Without the distraction of sports or movies or social gatherings, “only a couple of times has a student shown up without doing at least some of the reading,” he said. “For the most part they’re reading, they’re highlighting, they’re showing up with questions. I think the slower pace has afforded them that opportunity.”
The challenges of 2020 have refocused campus ministry staff, too. “It helped us to clarify and refine some priorities,” Gustafson said. “The default can be to lean on things that have always worked. You can get into ruts.”
That isn’t bad, but going back to the drawing board “puts us in the position of having to rethink some things with fresh eyes and to refine our priorities and our mission.”
It also helps the ministry to strip away what might be distracting to focus on the first priorities—introducing students to Jesus and to disciplines like Bible reading, prayer, and meeting with other believers.

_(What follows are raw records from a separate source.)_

(* Let $(\rho_0,p_0)$ solve the TOV system on $[0,R)$ with regular centre, mass function $m_0$, $g_0=\frac{m_0+4\pi p_0r^3}{r^2[1-2m_0/r]}$, $I_0(r)=\int_0^rg_0$. For real parameters $\Delta p$ and $\delta\rho_c$ define $$\delta p_1(r)=\frac{\Delta p\sqrt{1-2m_0/r}\,e^{-2I_0(r)}}{1+4\pi\Delta p\int_0^r\frac{s\,e^{-2I_0(s)}}{\sqrt{1-2m_0(s)/s}}ds},\qquad g_1(r)=g_0(r)+\frac{4\pi\,\delta p_1(r)\,r}{1-2m_0(r)/r},$$ $$\delta m(r)=\frac{4\pi r^3\,\delta\rho_c}{3[1+rg_1]^2}\exp\Bigl\{2\int_0^rg_1\frac{1-sg_1}{1+sg_1}ds\Bigr\},\qquad \delta p(r)=\delta p_1(r)-\frac{\delta m(r)}{4\pi r^3}\,\frac{1+8\pi[p_0+\delta p_1]r^2}{1-2m_0/r}.$$ Then, on any interval $[0,R')$ on which all denominators are positive and $1-2(m_0+\delta m)/r>0$, the pair $(\rho,p)$ with $m=m_0+\delta m$, $\rho=m'/(4\pi r^2)$, $p=p_0+\delta p$ solves the TOV system with regular centre, with central density $\rho_0(0)+\delta\rho_c$ and central pressure $p_0(0)+\delta p_c$, where $\delta p_c=\Delta p-\delta\rho_c/3$; the two parameters $\Delta p,\delta\rho_c$ are independent. *)

theory Defs
  imports "HOL-Analysis.Analysis"
begin

text \<open>Geometrised units G = c = 1. Mass function of a density profile.\<close>
definition tov_mass :: "(real \<Rightarrow> real) \<Rightarrow> real \<Rightarrow> real" where
  "tov_mass \<rho> r = 4 * pi * integral {0..r} (\<lambda>s. s^2 * \<rho> s)"

definition tov_regular :: "real \<Rightarrow> (real \<Rightarrow> real) \<Rightarrow> (real \<Rightarrow> real) \<Rightarrow> bool" where
  "tov_regular R \<rho> p \<longleftrightarrow>
     continuous_on {0..<R} \<rho> \<and> continuous_on {0..<R} p \<and>
     (\<forall>r\<in>{0<..<R}. 1 - 2 * tov_mass \<rho> r / r > 0) \<and>
     (\<forall>r\<in>{0<..<R}. (p has_real_derivative
        - (\<rho> r + p r) * (tov_mass \<rho> r + 4 * pi * p r * r^3)
          / (r^2 * (1 - 2 * tov_mass \<rho> r / r))) (at r))"

end

theory Submission
  imports Defs
begin

(* With the mass function m0 held fixed, the TOV equation is a Riccati equation for the pressure,
   so the difference dp1 of two of its solutions solves a Bernoulli equation.  Writing
   dp1 = w / q with w = Delta_p sqrt (1 - 2 m0/r) exp (-2 I0) and q' = 4 pi r w / (1 - 2 m0/r)
   linearises it, and (rho0, p0 + dp1) is again a regular solution.
   Next, shifting the mass by dm and the pressure by - dm (1 + 2 r g1) / (4 pi r^3) leaves the
   factor g = (m + 4 pi p r^3) / (r^2 (1 - 2 m/r)) of p' = - (rho + p) g unchanged, and the TOV
   equation of the new pair reduces to the linear equation
   dm' / dm = 3/r - 2 r (g1' + g1^2) / (1 + r g1), which the stated dm solves.  The centre stays
   regular because dm / (4 pi r^3 / 3) tends to the central density shift and r^2 g1' tends to 0. *)

section \<open>Calculus on half-open intervals\<close>

lemma at_within_Ico_at_right:
  fixes a b :: real
  assumes "a < b"
  shows "at a within {a..<b} = at_right a"
  using assms by (intro at_within_nhd[of _ "{a - 1<..<b}"]) auto
lemma set_integral_abs_mono:
  assumes "0 \<le> s" "s \<le> t" "set_integrable lborel {0..t} (a::real\<Rightarrow>real)"
  shows "(LINT r:{0..s}|lborel. \<bar>a r\<bar>) \<le> (LINT r:{0..t}|lborel. \<bar>a r\<bar>)"
proof -
  have i: "set_integrable lborel {0..t} (\<lambda>r. \<bar>a r\<bar>)" using assms(3) by (rule set_integrable_abs)
  have i2: "set_integrable lborel {0..s} (\<lambda>r. \<bar>a r\<bar>)"
    by (rule set_integrable_subset[OF i]) (use assms in auto)
  show ?thesis unfolding set_lebesgue_integral_def
    by (rule integral_mono) (use i i2 assms in \<open>auto simp: set_integrable_def indicator_def\<close>)
qed

lemma onorm_bound: "bounded_linear B \<Longrightarrow> norm x \<le> M \<Longrightarrow> norm (B x) \<le> onorm B * M"
  using onorm[of B x] onorm_pos_le[of B] by (meson mult_left_mono order_trans)

lemma set_integral_vector_derivative:
  fixes u w :: "real \<Rightarrow> 'a::euclidean_space"
  assumes s: "0 \<le> s"
    and d: "\<And>\<tau>. \<tau> \<in> {0..s} \<Longrightarrow> (u has_vector_derivative w \<tau>) (at \<tau> within {0..})"
    and i: "set_integrable lborel {0..s} w"
  shows "(LINT \<tau>:{0..s}|lborel. w \<tau>) = u s - u 0"
proof -
  have "(w has_integral (u s - u 0)) {0..s}"
    by (rule fundamental_theorem_of_calculus[OF s])
       (auto intro: has_vector_derivative_within_subset[OF d])
  then show ?thesis using set_borel_integral_eq_integral(2)[OF i] by (simp add: integral_unique)
qed


section \<open>Truncated convolution\<close>

text \<open>\<open>conv a h t = \<integral>\<^sub>0\<^sup>t a(t - s) h(s) ds\<close>: the convolution of a scalar kernel with a
  vector-valued function on the half line; the master equation reads \<open>u' = conv L u\<close>.\<close>

definition conv :: "(real \<Rightarrow> real) \<Rightarrow> (real \<Rightarrow> 'a::{banach,second_countable_topology}) \<Rightarrow> real \<Rightarrow> 'a"
  where "conv a h t = (LINT s:{0..t}|lborel. a (t - s) *\<^sub>R h s)"

lemma sets_pair_borel_lborel: "sets (borel \<Otimes>\<^sub>M lborel) = sets (borel \<Otimes>\<^sub>M (borel::real measure))"
  by (rule sets_pair_measure_cong) auto

lemma sets_pair_lborel: "sets (lborel \<Otimes>\<^sub>M lborel) = sets (borel \<Otimes>\<^sub>M (borel::real measure))"
  by (rule sets_pair_measure_cong) auto

lemma conv_measurable[measurable]:
  assumes [measurable]: "a \<in> borel_measurable borel" "h \<in> borel_measurable borel"
  shows "conv a h \<in> borel_measurable borel"
  unfolding conv_def set_lebesgue_integral_def
  apply (rule lborel.borel_measurable_lebesgue_integral)
  apply (subst measurable_cong_sets[OF sets_pair_borel_lborel refl])
  unfolding atLeastAtMost_iff indicator_def by measurable

lemma conv_cong:
  assumes "\<And>s. s \<in> {0..t} \<Longrightarrow> a (t - s) = a' (t - s)" "\<And>s. s \<in> {0..t} \<Longrightarrow> h s = h' s"
  shows "conv a h t = conv a' h' t"
  unfolding conv_def by (rule set_lebesgue_integral_cong) (auto simp: assms)

lemma conv_cong_AE:
  assumes [measurable]: "a \<in> borel_measurable borel" "a' \<in> borel_measurable borel"
    "h \<in> borel_measurable borel"
  assumes "AE s in lborel. s \<in> {0..t} \<longrightarrow> a (t - s) = a' (t - s)"
  shows "conv a h t = conv a' h t"
  unfolding conv_def by (rule set_lebesgue_integral_cong_AE) (use assms in auto)

lemma conv_const:
  fixes c :: "'a::euclidean_space"
  shows "conv a (\<lambda>_. c) t = (LINT r:{0..t}|lborel. a r) *\<^sub>R c"
proof -
  have "conv a (\<lambda>_. c) t = (\<integral>s. (indicator {0..t} s * a (t - s)) *\<^sub>R c \<partial>lborel)"
    unfolding conv_def set_lebesgue_integral_def by simp
  also have "\<dots> = (LINT s:{0..t}|lborel. a (t - s)) *\<^sub>R c"
    unfolding set_lebesgue_integral_def by (simp add: integral_scaleR_left_unconditional)
  finally show ?thesis by (simp add: set_integral_reflect)
qed

lemma conv_integrable:
  fixes h :: "real \<Rightarrow> 'a::{banach,second_countable_topology}"
  assumes [measurable]: "a \<in> borel_measurable borel" "h \<in> borel_measurable borel"
    and ia: "set_integrable lborel {0..t} a"
    and hb: "\<And>s. s \<in> {0..t} \<Longrightarrow> norm (h s) \<le> H"
  shows "set_integrable lborel {0..t} (\<lambda>s. a (t - s) *\<^sub>R h s)"
proof -
  have "set_integrable lborel {0..t} (\<lambda>s. a (t - s))"
    using ia by (simp add: set_integrable_reflect)
  then have dom: "set_integrable lborel {0..t} (\<lambda>s. a (t - s) * H)" by simp
  show ?thesis unfolding set_integrable_def
  proof (rule Bochner_Integration.integrable_bound[OF dom[unfolded set_integrable_def]])
    show "(\<lambda>x. indicat_real {0..t} x *\<^sub>R a (t - x) *\<^sub>R h x) \<in> borel_measurable lborel"
      by measurable
    show "AE x in lborel. norm (indicat_real {0..t} x *\<^sub>R a (t - x) *\<^sub>R h x)
        \<le> norm (indicat_real {0..t} x *\<^sub>R (a (t - x) * H))"
    proof (intro AE_I2)
      fix x
      show "norm (indicat_real {0..t} x *\<^sub>R a (t - x) *\<^sub>R h x)
          \<le> norm (indicat_real {0..t} x *\<^sub>R (a (t - x) * H))"
      proof (cases "x \<in> {0..t}")
        case True
        then have "norm (h x) \<le> H" by (rule hb)
        then show ?thesis using True by (auto simp: abs_mult intro!: mult_left_mono)
      qed auto
    qed
  qed
qed

lemma conv_norm_le:
  fixes h :: "real \<Rightarrow> 'a::{banach,second_countable_topology}"
  assumes [measurable]: "a \<in> borel_measurable borel" "h \<in> borel_measurable borel"
    "g \<in> borel_measurable borel"
    and ia: "set_integrable lborel {0..t} a"
    and hb: "\<And>s. s \<in> {0..t} \<Longrightarrow> norm (h s) \<le> g s"
    and gb: "\<And>s. s \<in> {0..t} \<Longrightarrow> g s \<le> H"
  shows "norm (conv a h t) \<le> (LINT s:{0..t}|lborel. \<bar>a (t - s)\<bar> * g s)"
proof -
  have i1: "set_integrable lborel {0..t} (\<lambda>s. a (t - s) *\<^sub>R h s)"
    by (rule conv_integrable[OF _ _ ia]) (use hb gb in \<open>auto intro: order_trans\<close>)
  have i2: "set_integrable lborel {0..t} (\<lambda>s. \<bar>a (t - s)\<bar> *\<^sub>R g s)"
  proof (rule conv_integrable[where a="\<lambda>x. \<bar>a x\<bar>" and H=H])
    show "set_integrable lborel {0..t} (\<lambda>x. \<bar>a x\<bar>)" using ia by (rule set_integrable_abs)
    fix s assume "s \<in> {0..t}"
    then have "0 \<le> g s" "g s \<le> H" using hb[of s] gb[of s] norm_ge_zero[of "h s"] by linarith+
    then show "norm (g s) \<le> H" by simp
  qed auto
  have "norm (conv a h t) \<le> (\<integral>x. norm (indicator {0..t} x *\<^sub>R (a (t - x) *\<^sub>R h x)) \<partial>lborel)"
    unfolding conv_def set_lebesgue_integral_def by (rule integral_norm_bound)
  also have "\<dots> \<le> (\<integral>x. indicator {0..t} x *\<^sub>R (\<bar>a (t - x)\<bar> * g x) \<partial>lborel)"
  proof (rule integral_mono)
    show "integrable lborel (\<lambda>x. norm (indicat_real {0..t} x *\<^sub>R a (t - x) *\<^sub>R h x))"
      using integrable_norm[OF i1[unfolded set_integrable_def]] .
    show "integrable lborel (\<lambda>x. indicat_real {0..t} x *\<^sub>R (\<bar>a (t - x)\<bar> * g x))"
      using i2 unfolding set_integrable_def by auto
    fix x
    show "norm (indicat_real {0..t} x *\<^sub>R a (t - x) *\<^sub>R h x)
        \<le> indicat_real {0..t} x *\<^sub>R (\<bar>a (t - x)\<bar> * g x)"
      using hb[of x] by (auto simp: indicator_def intro: mult_left_mono)
  qed
  finally show ?thesis unfolding set_lebesgue_integral_def .
qed

lemma conv_bound:
  fixes h :: "real \<Rightarrow> 'a::{banach,second_countable_topology}"
  assumes [measurable]: "a \<in> borel_measurable borel" "h \<in> borel_measurable borel"
    and ia: "set_integrable lborel {0..t} a"
    and hb: "\<And>s. s \<in> {0..t} \<Longrightarrow> norm (h s) \<le> H"
  shows "norm (conv a h t) \<le> H * (LINT r:{0..t}|lborel. \<bar>a r\<bar>)"
proof -
  have "norm (conv a h t) \<le> (LINT s:{0..t}|lborel. \<bar>a (t - s)\<bar> * H)"
    by (rule conv_norm_le[OF _ _ _ ia hb]) auto
  also have "\<dots> = H * (LINT s:{0..t}|lborel. \<bar>a (t - s)\<bar>)" by (simp add: mult.commute)
  also have "\<dots> = H * (LINT r:{0..t}|lborel. \<bar>a r\<bar>)"
    using set_integral_reflect[where a="\<lambda>x. \<bar>a x\<bar>" and t=t] by simp
  finally show ?thesis .
qed

lemma conv_bound_Icc:
  fixes h :: "real \<Rightarrow> 'a::{banach,second_countable_topology}"
  assumes [measurable]: "a \<in> borel_measurable borel" "h \<in> borel_measurable borel"
    and ia: "set_integrable lborel {0..t} a"
    and hb: "\<And>s. s \<in> {0..t} \<Longrightarrow> norm (h s) \<le> H" and H: "0 \<le> H"
    and s: "s \<in> {0..t}"
  shows "norm (conv a h s) \<le> H * (LINT r:{0..t}|lborel. \<bar>a r\<bar>)"
proof -
  have "norm (conv a h s) \<le> H * (LINT r:{0..s}|lborel. \<bar>a r\<bar>)"
    by (rule conv_bound) (use s hb in \<open>auto intro: set_integrable_subset[OF ia]\<close>)
  also have "\<dots> \<le> H * (LINT r:{0..t}|lborel. \<bar>a r\<bar>)"
    by (rule mult_left_mono[OF set_integral_abs_mono[OF _ _ ia] H]) (use s in auto)
  finally show ?thesis .
qed

lemma conv_add:
  assumes "set_integrable lborel {0..t} (\<lambda>s. a (t - s) *\<^sub>R h1 s)"
    "set_integrable lborel {0..t} (\<lambda>s. a (t - s) *\<^sub>R h2 s)"
  shows "conv a (\<lambda>s. h1 s + h2 s) t = conv a h1 t + conv a h2 t"
  unfolding conv_def using set_integral_add(2)[OF assms] by (simp add: scaleR_add_right)

lemma conv_diff:
  assumes "set_integrable lborel {0..t} (\<lambda>s. a (t - s) *\<^sub>R h1 s)"
    "set_integrable lborel {0..t} (\<lambda>s. a (t - s) *\<^sub>R h2 s)"
  shows "conv a (\<lambda>s. h1 s - h2 s) t = conv a h1 t - conv a h2 t"
  unfolding conv_def using set_integral_diff(2)[OF assms] by (simp add: scaleR_diff_right)

lemma conv_diff_left:
  assumes "set_integrable lborel {0..t} (\<lambda>s. a1 (t - s) *\<^sub>R h s)"
    "set_integrable lborel {0..t} (\<lambda>s. a2 (t - s) *\<^sub>R h s)"
  shows "conv (\<lambda>x. a1 x - a2 x) h t = conv a1 h t - conv a2 h t"
  unfolding conv_def using set_integral_diff(2)[OF assms] by (simp add: scaleR_diff_left)

lemma set_integrable_sum_conv:
  assumes "\<And>i. i \<in> I \<Longrightarrow> set_integrable lborel {0..t} (\<lambda>s. a (t - s) *\<^sub>R h i s)"
  shows "set_integrable lborel {0..t} (\<lambda>s. a (t - s) *\<^sub>R (\<Sum>i\<in>I. h i s))"
proof -
  have "integrable lborel (\<lambda>s. \<Sum>i\<in>I. indicator {0..t} s *\<^sub>R (a (t - s) *\<^sub>R h i s))"
    using assms by (intro Bochner_Integration.integrable_sum) (auto simp: set_integrable_def)
  then show ?thesis unfolding set_integrable_def by (simp add: scaleR_sum_right)
qed

lemma conv_sum:
  assumes "finite I" "\<And>i. i \<in> I \<Longrightarrow> set_integrable lborel {0..t} (\<lambda>s. a (t - s) *\<^sub>R h i s)"
  shows "conv a (\<lambda>s. \<Sum>i\<in>I. h i s) t = (\<Sum>i\<in>I. conv a (h i) t)"
  using assms
proof (induction I rule: finite_induct)
  case empty then show ?case by (simp add: conv_def)
next
  case (insert x F)
  have "conv a (\<lambda>s. \<Sum>i\<in>insert x F. h i s) t = conv a (\<lambda>s. h x s + (\<Sum>i\<in>F. h i s)) t"
    using insert by simp
  also have "\<dots> = conv a (h x) t + conv a (\<lambda>s. \<Sum>i\<in>F. h i s) t"
    by (rule conv_add) (use insert in \<open>auto intro: set_integrable_sum_conv\<close>)
  finally show ?case using insert by simp
qed

lemma set_integrable_conv_bounded_linear:
  assumes T: "bounded_linear T" and i: "set_integrable lborel {0..t} (\<lambda>s. a (t - s) *\<^sub>R h s)"
  shows "set_integrable lborel {0..t} (\<lambda>s. a (t - s) *\<^sub>R T (h s))"
proof -
  interpret T: bounded_linear T by fact
  have "integrable lborel (\<lambda>x. T (indicator {0..t} x *\<^sub>R (a (t - x) *\<^sub>R h x)))"
    by (rule integrable_bounded_linear[OF T i[unfolded set_integrable_def]])
  then show ?thesis unfolding set_integrable_def by (simp add: T.scaleR)
qed

lemma conv_bounded_linear:
  assumes T: "bounded_linear T" and i: "set_integrable lborel {0..t} (\<lambda>s. a (t - s) *\<^sub>R h s)"
  shows "T (conv a h t) = conv a (\<lambda>s. T (h s)) t"
proof -
  interpret T: bounded_linear T by fact
  have "T (conv a h t) = (\<integral>x. T (indicator {0..t} x *\<^sub>R (a (t - x) *\<^sub>R h x)) \<partial>lborel)"
    unfolding conv_def set_lebesgue_integral_def
    by (rule integral_bounded_linear[OF T i[unfolded set_integrable_def], symmetric])
  also have "\<dots> = conv a (\<lambda>s. T (h s)) t"
    unfolding conv_def set_lebesgue_integral_def by (simp add: T.scaleR)
  finally show ?thesis .
qed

“We have a lot of stories from our [student-led Bible studies]—a lot of freshmen are meeting Jesus and having a great experience,” Gustafson said. “The situation they’re in—and their age and their maturity and their ability to handle things—is creating for some people a soft posture toward spiritual things.”
Those stories make the extra decisions and uncertainty and work worth it, she said. “We’ve had to adjust our schedule and to pivot on some things, but that’s all easy because of the wins we’ve been able to have that we weren’t expecting. So it’s easy to adjust to give up some nonessential things.”